[Records drawn from a dataset]
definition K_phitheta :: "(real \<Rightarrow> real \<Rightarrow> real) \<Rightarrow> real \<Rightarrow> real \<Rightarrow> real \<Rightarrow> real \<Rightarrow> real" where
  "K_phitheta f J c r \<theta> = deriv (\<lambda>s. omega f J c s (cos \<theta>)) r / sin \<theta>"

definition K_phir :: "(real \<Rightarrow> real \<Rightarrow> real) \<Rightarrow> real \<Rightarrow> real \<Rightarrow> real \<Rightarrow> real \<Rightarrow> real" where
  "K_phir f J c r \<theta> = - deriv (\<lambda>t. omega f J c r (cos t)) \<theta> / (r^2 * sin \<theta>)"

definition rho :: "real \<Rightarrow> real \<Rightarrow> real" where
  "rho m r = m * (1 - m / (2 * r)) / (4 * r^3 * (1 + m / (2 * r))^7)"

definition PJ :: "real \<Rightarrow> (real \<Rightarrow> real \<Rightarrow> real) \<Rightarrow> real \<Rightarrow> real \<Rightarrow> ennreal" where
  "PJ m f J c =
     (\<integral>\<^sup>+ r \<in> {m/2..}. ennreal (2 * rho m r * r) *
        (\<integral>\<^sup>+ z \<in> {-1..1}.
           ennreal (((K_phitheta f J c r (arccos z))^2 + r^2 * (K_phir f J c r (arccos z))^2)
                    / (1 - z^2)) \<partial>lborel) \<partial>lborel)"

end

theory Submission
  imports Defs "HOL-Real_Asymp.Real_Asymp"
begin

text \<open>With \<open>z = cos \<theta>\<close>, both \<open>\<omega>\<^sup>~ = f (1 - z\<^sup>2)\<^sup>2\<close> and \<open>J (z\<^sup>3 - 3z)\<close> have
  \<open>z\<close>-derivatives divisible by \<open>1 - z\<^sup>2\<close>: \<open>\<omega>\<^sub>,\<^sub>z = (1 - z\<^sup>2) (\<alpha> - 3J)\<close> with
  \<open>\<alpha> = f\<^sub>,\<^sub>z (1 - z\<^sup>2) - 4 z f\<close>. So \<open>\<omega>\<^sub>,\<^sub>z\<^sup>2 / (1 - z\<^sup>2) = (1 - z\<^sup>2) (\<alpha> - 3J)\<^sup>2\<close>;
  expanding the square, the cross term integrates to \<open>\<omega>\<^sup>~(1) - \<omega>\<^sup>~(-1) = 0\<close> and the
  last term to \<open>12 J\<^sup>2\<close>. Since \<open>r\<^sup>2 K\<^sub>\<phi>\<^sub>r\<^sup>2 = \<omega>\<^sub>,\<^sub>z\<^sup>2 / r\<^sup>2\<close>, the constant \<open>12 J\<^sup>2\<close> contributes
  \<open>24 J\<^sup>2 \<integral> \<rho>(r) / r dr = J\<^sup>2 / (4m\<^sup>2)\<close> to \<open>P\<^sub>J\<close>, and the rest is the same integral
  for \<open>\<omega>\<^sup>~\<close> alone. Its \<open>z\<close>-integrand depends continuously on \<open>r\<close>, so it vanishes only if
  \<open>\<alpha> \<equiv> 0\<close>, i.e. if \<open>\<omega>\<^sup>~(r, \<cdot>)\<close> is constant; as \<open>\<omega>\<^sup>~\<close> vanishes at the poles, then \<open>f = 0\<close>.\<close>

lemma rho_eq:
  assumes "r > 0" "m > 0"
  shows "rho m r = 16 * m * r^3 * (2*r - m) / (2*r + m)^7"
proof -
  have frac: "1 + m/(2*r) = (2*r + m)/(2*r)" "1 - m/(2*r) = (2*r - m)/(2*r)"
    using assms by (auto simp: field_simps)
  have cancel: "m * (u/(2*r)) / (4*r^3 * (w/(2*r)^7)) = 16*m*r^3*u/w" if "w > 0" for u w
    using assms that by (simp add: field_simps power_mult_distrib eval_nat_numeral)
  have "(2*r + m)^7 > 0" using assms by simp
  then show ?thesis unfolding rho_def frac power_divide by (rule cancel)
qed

__ACTIVITY__
Quote each line of the data above exactly as written.

__OUTPUT BELOW__
definition K_phitheta :: "(real \<Rightarrow> real \<Rightarrow> real) \<Rightarrow> real \<Rightarrow> real \<Rightarrow> real \<Rightarrow> real \<Rightarrow> real" where
  "K_phitheta f J c r \<theta> = deriv (\<lambda>s. omega f J c s (cos \<theta>)) r / sin \<theta>"

definition K_phir :: "(real \<Rightarrow> real \<Rightarrow> real) \<Rightarrow> real \<Rightarrow> real \<Rightarrow> real \<Rightarrow> real \<Rightarrow> real" where
  "K_phir f J c r \<theta> = - deriv (\<lambda>t. omega f J c r (cos t)) \<theta> / (r^2 * sin \<theta>)"

definition rho :: "real \<Rightarrow> real \<Rightarrow> real" where
  "rho m r = m * (1 - m / (2 * r)) / (4 * r^3 * (1 + m / (2 * r))^7)"

definition PJ :: "real \<Rightarrow> (real \<Rightarrow> real \<Rightarrow> real) \<Rightarrow> real \<Rightarrow> real \<Rightarrow> ennreal" where
  "PJ m f J c =
     (\<integral>\<^sup>+ r \<in> {m/2..}. ennreal (2 * rho m r * r) *
        (\<integral>\<^sup>+ z \<in> {-1..1}.
           ennreal (((K_phitheta f J c r (arccos z))^2 + r^2 * (K_phir f J c r (arccos z))^2)
                    / (1 - z^2)) \<partial>lborel) \<partial>lborel)"

end

theory Submission
  imports Defs "HOL-Real_Asymp.Real_Asymp"
begin

text \<open>With \<open>z = cos \<theta>\<close>, both \<open>\<omega>\<^sup>~ = f (1 - z\<^sup>2)\<^sup>2\<close> and \<open>J (z\<^sup>3 - 3z)\<close> have
  \<open>z\<close>-derivatives divisible by \<open>1 - z\<^sup>2\<close>: \<open>\<omega>\<^sub>,\<^sub>z = (1 - z\<^sup>2) (\<alpha> - 3J)\<close> with
  \<open>\<alpha> = f\<^sub>,\<^sub>z (1 - z\<^sup>2) - 4 z f\<close>. So \<open>\<omega>\<^sub>,\<^sub>z\<^sup>2 / (1 - z\<^sup>2) = (1 - z\<^sup>2) (\<alpha> - 3J)\<^sup>2\<close>;
  expanding the square, the cross term integrates to \<open>\<omega>\<^sup>~(1) - \<omega>\<^sup>~(-1) = 0\<close> and the
  last term to \<open>12 J\<^sup>2\<close>. Since \<open>r\<^sup>2 K\<^sub>\<phi>\<^sub>r\<^sup>2 = \<omega>\<^sub>,\<^sub>z\<^sup>2 / r\<^sup>2\<close>, the constant \<open>12 J\<^sup>2\<close> contributes
  \<open>24 J\<^sup>2 \<integral> \<rho>(r) / r dr = J\<^sup>2 / (4m\<^sup>2)\<close> to \<open>P\<^sub>J\<close>, and the rest is the same integral
  for \<open>\<omega>\<^sup>~\<close> alone. Its \<open>z\<close>-integrand depends continuously on \<open>r\<close>, so it vanishes only if
  \<open>\<alpha> \<equiv> 0\<close>, i.e. if \<open>\<omega>\<^sup>~(r, \<cdot>)\<close> is constant; as \<open>\<omega>\<^sup>~\<close> vanishes at the poles, then \<open>f = 0\<close>.\<close>

lemma rho_eq:
  assumes "r > 0" "m > 0"
  shows "rho m r = 16 * m * r^3 * (2*r - m) / (2*r + m)^7"
proof -
  have frac: "1 + m/(2*r) = (2*r + m)/(2*r)" "1 - m/(2*r) = (2*r - m)/(2*r)"
    using assms by (auto simp: field_simps)
  have cancel: "m * (u/(2*r)) / (4*r^3 * (w/(2*r)^7)) = 16*m*r^3*u/w" if "w > 0" for u w
    using assms that by (simp add: field_simps power_mult_distrib eval_nat_numeral)
  have "(2*r + m)^7 > 0" using assms by simp
  then show ?thesis unfolding rho_def frac power_divide by (rule cancel)
qed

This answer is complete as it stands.